# The TX22 Returns (and I am so glad)



## Tangof (Jan 26, 2014)

As I posted a while ago, I bought one of the new TX22's and ir malfunctioned repeatedly with the third or fourth round in three different magazines. I don't fool with a new gun, back to the company. Taurus e-mailed me a return Fed Ex label and I returned the pistol. I was warned there might be a 12 week return. I got it back after ten day's with the work order noting "polish chamber and replace magazine springs. I noted it had been test fired. I loaded up all three magazines with CCI Mini Mags solids and shot 48 rounds non stop. I loaded back up with Remington Golden Bullet's and fired all those, no problem. 48 more rounds of Blazer, same deal. I slowed down and fired 100 more rounds of Mini Mag HP's. The gun did not fail once. I will say this gun has about the best grip I've felt on a .22 and the accuracy is top notch. The trigger is not great, but it is very good. I know 250 rounds does not prove a whole lot, but I am very happy with this pistol. As I have said I have not purchased a Taurus product since 1990 and was all set to rip this one up if called for. I can't. If you are a .22 handgun fanatic like me you'll want one of these.
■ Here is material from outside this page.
(* Let $(\mathcal C,\amalg)$ be a monoidal supercategory satisfying (C1)–(C4) below, and for a two-sided ideal $J$ of $B_n$ let $\Sigma(J)$ denote the two-sided ideal of $B_{n+1}$ generated by $\iota_{1,n}(1\otimes J)$. Then for every $\lambda\in\Lambda(B_n)$, $$\Sigma(J^\lambda)=\bigoplus_{\mu\in\Lambda(B_{n+1}),\ \lambda\subset\mu}J^\mu.$$ Conditions: (C1) there is a bijection $\mathbb N\to\mathrm{Ob}(\mathcal C)$, $n\mapsto[n]$, with $[n]\amalg[m]=[n+m]$; (C2) $\mathrm{Hom}_{\mathcal C}([n],[m])=0$ for $n\ne m$; (C3) $B_n=\mathrm{End}_{\mathcal C}([n])$ is a finite dimensional semisimple superalgebra; (C4) there is a partial order $\subset$ on $\Lambda(\mathcal C)=\coprod_n\Lambda(B_n)$ such that for every $\lambda\in\Lambda(B_n)$, $[B_1]\cdot[S_\lambda]=\sum_{\mu\in\Lambda(B_{n+1}),\ \lambda\subset\mu}c_{\lambda,\mu}[S_\mu]$ in $\mathrm K(\mathcal C)$ with all $c_{\lambda,\mu}$ positive integers.
   Context: A supercategory is a category enriched in super vector spaces; a monoidal supercategory has a monoidal product on all morphisms obeying the Koszul sign rule. A finite dimensional superalgebra $B$ is semisimple if the abelian category of $B$-modules with even morphisms is semisimple. $\Lambda(B)$ is the set of isomorphism classes of simple left $B$-modules (odd isomorphisms allowed), $S_\lambda$ a representative, and $J^\lambda\subset B$ the sum of all left ideals of $B$ isomorphic to $S_\lambda$ or its parity shift $S_\lambda[1]$. The maps $\iota_{m,n}\colon B_m\otimes B_n\to B_{m+n}$, $f\otimes g\mapsto f\amalg g$, are superalgebra homomorphisms. $\mathrm K(B)$ is the Grothendieck group of finite length $B$-modules modulo $[M]=[M[1]]$; $\mathrm K(\mathcal C)=\bigoplus_n\mathrm K(B_n)$ with product $[M]\cdot[N]=[B_{m+n}\otimes_{B_m\otimes B_n}(M\otimes N)]$ (induction along $\iota_{m,n}$). *)

theory Defs
  imports Complex_Main
begin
It's early times, but I think Taurus has got this one right.


----------



## Steve M1911A1 (Feb 6, 2008)

Good for Taurus!
1. They did a quick turn-around, and
2. They fixed the problem.

Even if their QC still isn't the greatest, it's nice to see that their Customer Care repair system is functioning properly and delivering satisfaction.
I hope that it continues unabated: Live Long and Prosper, Taurus!


----------



## Bisley (Aug 24, 2008)

I would be delighted to discover that after several decades, Taurus has genuinely started down the road of establishing themselves as trustworthy. Forgive me for not doing cartwheels just yet, but I have seen many such sparks of hope dwindle into nothingness. I hope it's for real, though.


----------



## MoMan (Dec 27, 2010)

CONGRATS on the quick turnaround, and apparent solving of the problems you were experiencing with your new handgun. Please keep us posted as your experience with this firearm progresses so we can see if Taurus may be trying to get it right. It would be GREAT if this holds true going forward, and perhaps they truly have worked through their serious issues of the past.


----------



## Cannon (May 1, 2016)

Glad to hear they handle it quickly and got it done right


----------



## Outlaw (Feb 5, 2017)

I want one of these so bad, love my G2C, unfortunately this fucking state of Vermont, even with a republican governor signed a 15 Rd mag law.


----------



## hillman (Jul 27, 2014)

Outlaw said:


> I want one of these so bad, love my G2C, unfortunately this fucking state of Vermont, even with a republican governor signed a 15 Rd mag law.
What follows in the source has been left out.